In making investments, building social capital is immensely important. Examples of people-oriented things you will most likely have to do are outsourcing, networking, partnerships, etc. You need to work with the right people in your investment efforts. In everything you do when investing, there are people involved. That is why soft skills are paramount. Soft skill is a personal skill that is usually interpersonal, non-specialized, and often difficult to quantify, e.g. leadership or responsibility. Other soft skills are communication, emotional intelligence, time management, critical thinking, active listening, empathy, and others.

“Your actions reflect your values and, in turn, your vested investment. Be sure to invest your time and actions in the people who will return the results you seek.”

– Tiani Cook

Be Wary Of Trends

You must be careful of so-called trends. For instance, it may seem like something is worth investing in now. Often you hear news about the best industries or stocks to invest in at any given time. Those bubbles may sometimes be worth it, but it is not always so. You need to be very careful. Not every trend or wave is worth riding on. Sometimes it may be best to do the opposite of what others are doing. It reminds me of one of Warren Buffet’s quotes,

I will tell you how to become rich. Close the doors. Be fearful when others are greedy. Be greedy when others are fearful.

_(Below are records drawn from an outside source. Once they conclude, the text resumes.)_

sublocale nilpotent_localization \<subseteq> B: ring B
  using fractions_B by (simp add: ring_of_fractions_def)

sublocale nilpotent_localization \<subseteq> C: ring C
  using fractions_C by (simp add: ring_of_fractions_def)

sublocale nilpotent_localization \<subseteq> loc: powers_fractions A s B i
  by unfold_locales (rule s_closed, rule fractions_B)

sublocale nilpotent_localization \<subseteq> res: powers_fractions "A Quot I" "I +> s" C k
  using quotient_is_ring s_closed fractions_C rcos_ring_hom
  by (intro powers_fractions.intro powers_fractions_axioms.intro) (auto simp: ring_hom_closed)

context nilpotent_localization
begin

definition reduce :: "'a \<Rightarrow> 'c" where "reduce a = k (I +> a)"

lemma reduce_hom: "reduce \<in> ring_hom A C"
proof -
  have "k \<circ> (+>) I \<in> ring_hom A C" by (rule ring_hom_trans[OF rcos_ring_hom res.i.homh])
  thus ?thesis by (simp add: comp_def reduce_def[abs_def])
qed

lemma reduce_s_Units: "reduce s \<in> Units C"
  using res.i_s_Units by (simp add: reduce_def)

lemma reduce_fraction:
  assumes "c \<in> carrier C"
  obtains a n where "a \<in> carrier A" "c = reduce a \<otimes>\<^bsub>C\<^esub> inv\<^bsub>C\<^esub> (reduce s) [^]\<^bsub>C\<^esub> (n::nat)"
proof -
  obtain r n where r: "r \<in> carrier (A Quot I)" "c = k r \<otimes>\<^bsub>C\<^esub> res.inv_s [^]\<^bsub>C\<^esub> (n::nat)"
    using res.fraction_right[OF assms] by metis
  then obtain a where "a \<in> carrier A" "r = I +> a"
    unfolding FactRing_def A_RCOSETS_def' by auto
  with r that show ?thesis by (simp add: reduce_def)
qed

lemma reduce_eq_zero_iff:
  assumes a: "a \<in> carrier A"
  shows "reduce a = \<zero>\<^bsub>C\<^esub> \<longleftrightarrow> (\<exists>n::nat. a \<otimes> s [^] n \<in> I)"
proof -
  have product: "(I +> a) \<otimes>\<^bsub>A Quot I\<^esub> (I +> s) [^]\<^bsub>A Quot I\<^esub> n = I +> (a \<otimes> s [^] n)" for n :: nat
    using ring_hom_ring.hom_nat_pow[OF rcos_ring_hom_ring s_closed, of n] a s_closed
    by (simp add: ring_hom_mult[OF rcos_ring_hom])
  have zero: "\<zero>\<^bsub>A Quot I\<^esub> = I" by (simp add: FactRing_def)
  have "reduce a = \<zero>\<^bsub>C\<^esub> \<longleftrightarrow> (\<exists>n::nat. (I +> a) \<otimes>\<^bsub>A Quot I\<^esub> (I +> s) [^]\<^bsub>A Quot I\<^esub> n = \<zero>\<^bsub>A Quot I\<^esub>)"
    using res.i_eq_zero_iff ring_hom_closed[OF rcos_ring_hom a] by (simp add: reduce_def)
  also have "\<dots> \<longleftrightarrow> (\<exists>n::nat. I +> (a \<otimes> s [^] n) = I)"
    by (simp only: product zero)
  also have "\<dots> \<longleftrightarrow> (\<exists>n::nat. a \<otimes> s [^] n \<in> I)"
    using a s_closed rcos_const_imp_mem a_rcos_zero[OF is_ideal] by (meson m_closed nat_pow_closed)
  finally show ?thesis .
qed

lemma reduce_ideal: "x \<in> I \<Longrightarrow> reduce x = \<zero>\<^bsub>C\<^esub>"
  using reduce_eq_zero_iff[of x] nat_pow_0 by (metis a_subset r_one subsetD)

lemma ore_shift_fraction:
  assumes "ideal Q A" "x \<in> Q"
  obtains x' where "x' \<in> Q"
    "loc.inv_s [^]\<^bsub>B\<^esub> (m::nat) \<otimes>\<^bsub>B\<^esub> i x = i x' \<otimes>\<^bsub>B\<^esub> loc.inv_s [^]\<^bsub>B\<^esub> (m + N)"
proof -
  obtain x' where x': "x' \<in> Q" "x \<otimes> s [^] (m + N) = s [^] m \<otimes> x'"
    using ideal_ore_right[OF assms] by blast
  have "x \<in> carrier A" "x' \<in> carrier A"
    using assms x'(1) ideal.axioms(1) additive_subgroup.a_subset by blast+
  with x' that show ?thesis using loc.i_frac_swap_iff by metis
qed

definition comparison :: "'b \<Rightarrow> 'c" where "comparison = loc.lift C reduce"

lemma comparison_hom: "comparison \<in> ring_hom B C"
  unfolding comparison_def by (rule loc.lift_hom[OF C.ring_axioms reduce_hom reduce_s_Units])

lemma comparison_i: "a \<in> carrier A \<Longrightarrow> comparison (i a) = reduce a"
  unfolding comparison_def by (rule loc.lift_i[OF C.ring_axioms reduce_hom reduce_s_Units])

lemma comparison_surj: "comparison ` carrier B = carrier C"
proof
  show "comparison ` carrier B \<subseteq> carrier C" using ring_hom_closed[OF comparison_hom] by blast
  show "carrier C \<subseteq> comparison ` carrier B"
  proof
    fix c assume "c \<in> carrier C"
    then obtain a n where "a \<in> carrier A" "c = reduce a \<otimes>\<^bsub>C\<^esub> inv\<^bsub>C\<^esub> (reduce s) [^]\<^bsub>C\<^esub> (n::nat)"
      by (rule reduce_fraction)
    moreover have "comparison (i a \<otimes>\<^bsub>B\<^esub> loc.inv_s [^]\<^bsub>B\<^esub> n) = c"
      using calculation loc.lift_frac[OF C.ring_axioms reduce_hom reduce_s_Units]
      by (simp add: comparison_def)
    ultimately show "c \<in> comparison ` carrier B"
      using loc.inv_s_closed by (metis B.m_closed B.nat_pow_closed loc.i.hom_closed image_eqI)
  qed
qed

context
  fixes \<phi> :: "'b \<Rightarrow> 'c"
  assumes \<phi>_hom: "\<phi> \<in> ring_hom B C" and \<phi>_i: "\<And>a. a \<in> carrier A \<Longrightarrow> \<phi> (i a) = reduce a"
begin

interpretation \<phi>: ring_hom_ring B C \<phi>
  by (intro ring_hom_ringI2 B.ring_axioms C.ring_axioms \<phi>_hom)

lemma \<phi>_frac: "a \<in> carrier A \<Longrightarrow>
  \<phi> (i a \<otimes>\<^bsub>B\<^esub> loc.inv_s [^]\<^bsub>B\<^esub> (n::nat)) = reduce a \<otimes>\<^bsub>C\<^esub> inv\<^bsub>C\<^esub> (reduce s) [^]\<^bsub>C\<^esub> n"
  using loc.hom_frac[OF C.ring_axioms \<phi>_hom] \<phi>_i s_closed by simp

lemma \<phi>_frac_left: "a \<in> carrier A \<Longrightarrow>
  \<phi> (loc.inv_s [^]\<^bsub>B\<^esub> (n::nat) \<otimes>\<^bsub>B\<^esub> i a) = inv\<^bsub>C\<^esub> (reduce s) [^]\<^bsub>C\<^esub> n \<otimes>\<^bsub>C\<^esub> reduce a"
  using loc.hom_frac_left[OF C.ring_axioms \<phi>_hom] \<phi>_i s_closed by simp

lemma kernel_fraction_right:
  assumes "b \<in> a_kernel B C \<phi>"
  obtains y n where "y \<in> I" "b = i y \<otimes>\<^bsub>B\<^esub> loc.inv_s [^]\<^bsub>B\<^esub> (n::nat)"
proof -
  have b: "b \<in> carrier B" "\<phi> b = \<zero>\<^bsub>C\<^esub>" using assms unfolding a_kernel_def' by auto
  obtain a m where a: "a \<in> carrier A" "b = i a \<otimes>\<^bsub>B\<^esub> loc.inv_s [^]\<^bsub>B\<^esub> (m::nat)"
    using loc.fraction_right[OF b(1)] by metis
  have "reduce a = \<zero>\<^bsub>C\<^esub>"
    using b(2) a \<phi>_frac C.frac_eq_zero_iff[OF reduce_s_Units] ring_hom_closed[OF reduce_hom] by simp
  then obtain j :: nat where j: "a \<otimes> s [^] j \<in> I" using reduce_eq_zero_iff a(1) by blast
  have "b = i (a \<otimes> s [^] j) \<otimes>\<^bsub>B\<^esub> loc.inv_s [^]\<^bsub>B\<^esub> (j + m)"
    using B.frac_expand[OF loc.i_s_Units] a s_closed by (simp add: loc.i_pow)
  with j that show ?thesis by blast
qed

lemma kernel_fraction_left:
  assumes "b \<in> a_kernel B C \<phi>"
  obtains y n where "y \<in> I" "b = loc.inv_s [^]\<^bsub>B\<^esub> (n::nat) \<otimes>\<^bsub>B\<^esub> i y"
proof -
  have b: "b \<in> carrier B" "\<phi> b = \<zero>\<^bsub>C\<^esub>" using assms unfolding a_kernel_def' by auto
  obtain a m where a: "a \<in> carrier A" "b = loc.inv_s [^]\<^bsub>B\<^esub> (m::nat) \<otimes>\<^bsub>B\<^esub> i a"
    using loc.fraction_left[OF b(1)] by metis
  have "reduce a = \<zero>\<^bsub>C\<^esub>"
    using b(2) a \<phi>_frac_left C.frac_left_eq_zero_iff[OF reduce_s_Units] ring_hom_closed[OF reduce_hom]
    by simp
  then obtain j :: nat where "a \<otimes> s [^] j \<in> I" using reduce_eq_zero_iff a(1) by blast
  \<comment> \<open>commutativity of gr in degree 0 moves the power of s to the other side\<close>
  moreover have "s [^] j \<otimes> a = (s [^] j \<otimes> a \<ominus> a \<otimes> s [^] j) \<oplus> a \<otimes> s [^] j"
    using a(1) s_closed by (simp add: minus_eq a_assoc l_neg)
  ultimately have j: "s [^] j \<otimes> a \<in> I"
    using commutator_in_ideal[of "s [^] j" a] a(1) s_closed
    by (metis additive_subgroup.a_closed[OF is_additive_subgroup] nat_pow_closed)
  have "b = loc.inv_s [^]\<^bsub>B\<^esub> (m + j) \<otimes>\<^bsub>B\<^esub> i (s [^] j \<otimes> a)"
    using B.frac_expand_left[OF loc.i_s_Units] a s_closed by (simp add: loc.i_pow)
  with j that show ?thesis by blast
qed

lemma kernel_eq_ext_right: "a_kernel B C \<phi> = ext_right B i I"
proof
  show "ext_right B i I \<subseteq> a_kernel B C \<phi>"
    by (rule \<phi>.ext_right_subset_kernel) (use \<phi>_i reduce_ideal a_subset in auto)
  show "a_kernel B C \<phi> \<subseteq> ext_right B i I"
  proof
    fix b assume "b \<in> a_kernel B C \<phi>"
    then obtain y n where y: "y \<in> I" "b = i y \<otimes>\<^bsub>B\<^esub> loc.inv_s [^]\<^bsub>B\<^esub> (n::nat)"
      by (rule kernel_fraction_right)
    hence "b = foldr (\<lambda>p acc. i (fst p) \<otimes>\<^bsub>B\<^esub> snd p \<oplus>\<^bsub>B\<^esub> acc) [(y, loc.inv_s [^]\<^bsub>B\<^esub> n)] \<zero>\<^bsub>B\<^esub>"
      using a_subset loc.inv_s_closed by auto
    moreover have "set [(y, loc.inv_s [^]\<^bsub>B\<^esub> n)] \<subseteq> I \<times> carrier B"
      using y(1) loc.inv_s_closed by simp
    ultimately show "b \<in> ext_right B i I" unfolding ext_right_def by blast
  qed
qed

lemma kernel_eq_ext_left: "a_kernel B C \<phi> = ext_left B i I"
proof
  show "ext_left B i I \<subseteq> a_kernel B C \<phi>"
    by (rule \<phi>.ext_left_subset_kernel) (use \<phi>_i reduce_ideal a_subset in auto)
  show "a_kernel B C \<phi> \<subseteq> ext_left B i I"
  proof
    fix b assume "b \<in> a_kernel B C \<phi>"
    then obtain y n where y: "y \<in> I" "b = loc.inv_s [^]\<^bsub>B\<^esub> (n::nat) \<otimes>\<^bsub>B\<^esub> i y"
      by (rule kernel_fraction_left)
    hence "b = foldr (\<lambda>p acc. snd p \<otimes>\<^bsub>B\<^esub> i (fst p) \<oplus>\<^bsub>B\<^esub> acc) [(y, loc.inv_s [^]\<^bsub>B\<^esub> n)] \<zero>\<^bsub>B\<^esub>"
      using a_subset loc.inv_s_closed by auto
    moreover have "set [(y, loc.inv_s [^]\<^bsub>B\<^esub> n)] \<subseteq> I \<times> carrier B"
      using y(1) loc.inv_s_closed by simp
    ultimately show "b \<in> ext_left B i I" unfolding ext_left_def by blast
  qed
qed

lemma kernel_list_prod:
  "set xs \<subseteq> a_kernel B C \<phi> \<Longrightarrow>
   \<exists>x n. x \<in> ideal_pow A I (length xs) \<and> list_prod B xs = i x \<otimes>\<^bsub>B\<^esub> loc.inv_s [^]\<^bsub>B\<^esub> (n::nat)"
proof (induct xs)
  case Nil
  show ?case using loc.inv_s_closed by (intro exI[of _ \<one>] exI[of _ "0::nat"]) simp
next
  case (Cons b xs)
  then obtain x n where x: "x \<in> ideal_pow A I (length xs)"
    "list_prod B xs = i x \<otimes>\<^bsub>B\<^esub> loc.inv_s [^]\<^bsub>B\<^esub> (n::nat)" by auto
  obtain y m where y: "y \<in> I" "b = i y \<otimes>\<^bsub>B\<^esub> loc.inv_s [^]\<^bsub>B\<^esub> (m::nat)"
    using Cons(2) kernel_fraction_right by (metis list.set_intros(1) subsetD)
  obtain x' where x': "x' \<in> ideal_pow A I (length xs)"
    "loc.inv_s [^]\<^bsub>B\<^esub> m \<otimes>\<^bsub>B\<^esub> i x = i x' \<otimes>\<^bsub>B\<^esub> loc.inv_s [^]\<^bsub>B\<^esub> (m + N)"
    using ore_shift_fraction[OF ideal_pow_is_ideal[OF a_subset] x(1)] by blast
  have closed: "x \<in> carrier A" "x' \<in> carrier A" "y \<in> carrier A"
    using x(1) x'(1) y(1) ideal_pow_subset[OF a_subset] a_subset by auto
  have "list_prod B (b # xs) = i y \<otimes>\<^bsub>B\<^esub> (loc.inv_s [^]\<^bsub>B\<^esub> m \<otimes>\<^bsub>B\<^esub> i x) \<otimes>\<^bsub>B\<^esub> loc.inv_s [^]\<^bsub>B\<^esub> n"
    using x(2) y(2) closed loc.inv_s_closed by (simp add: B.m_assoc)
  also have "\<dots> = i (y \<otimes> x') \<otimes>\<^bsub>B\<^esub> loc.inv_s [^]\<^bsub>B\<^esub> (m + N + n)"
    unfolding x'(2) using closed loc.inv_s_closed by (simp add: B.m_assoc B.nat_pow_mult)
  finally show ?case using ideal_pow_mult_left[OF y(1) x'(1)] by auto
qed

It is a classic encapsulation of the importance of not always following trends. Most important is to have a solid framework or system by which you scrutinize investment opportunities. For instance, Warren Buffet typically considers undervalued companies which have solid metrics. An example of such is a proven track record of paying dividends. Another metric is the consistency of earnings. This is what is called value investing. You see, he does not merely consider the trends. The best thing to do is always to take trends with a grain of salt. Many people have lost out by being blinded by so-called trends.

Let me sign off on this. Something is striking. Robert Kiyosaki once said about making investments for beginners: “I am often asked how to start investing with little or no money. Please hear this, as this is the hardest thing for people to understand: you do NOT invest with money! You invest with your mind! No matter what the field, your biggest asset is your mind. Once you know, you find deals, find your team and use other people’s money. You sell the deal, and your team gets investment money. ” We are again brought back to the importance of having the right mental structures. It is always about your mindset; nurture it rightly!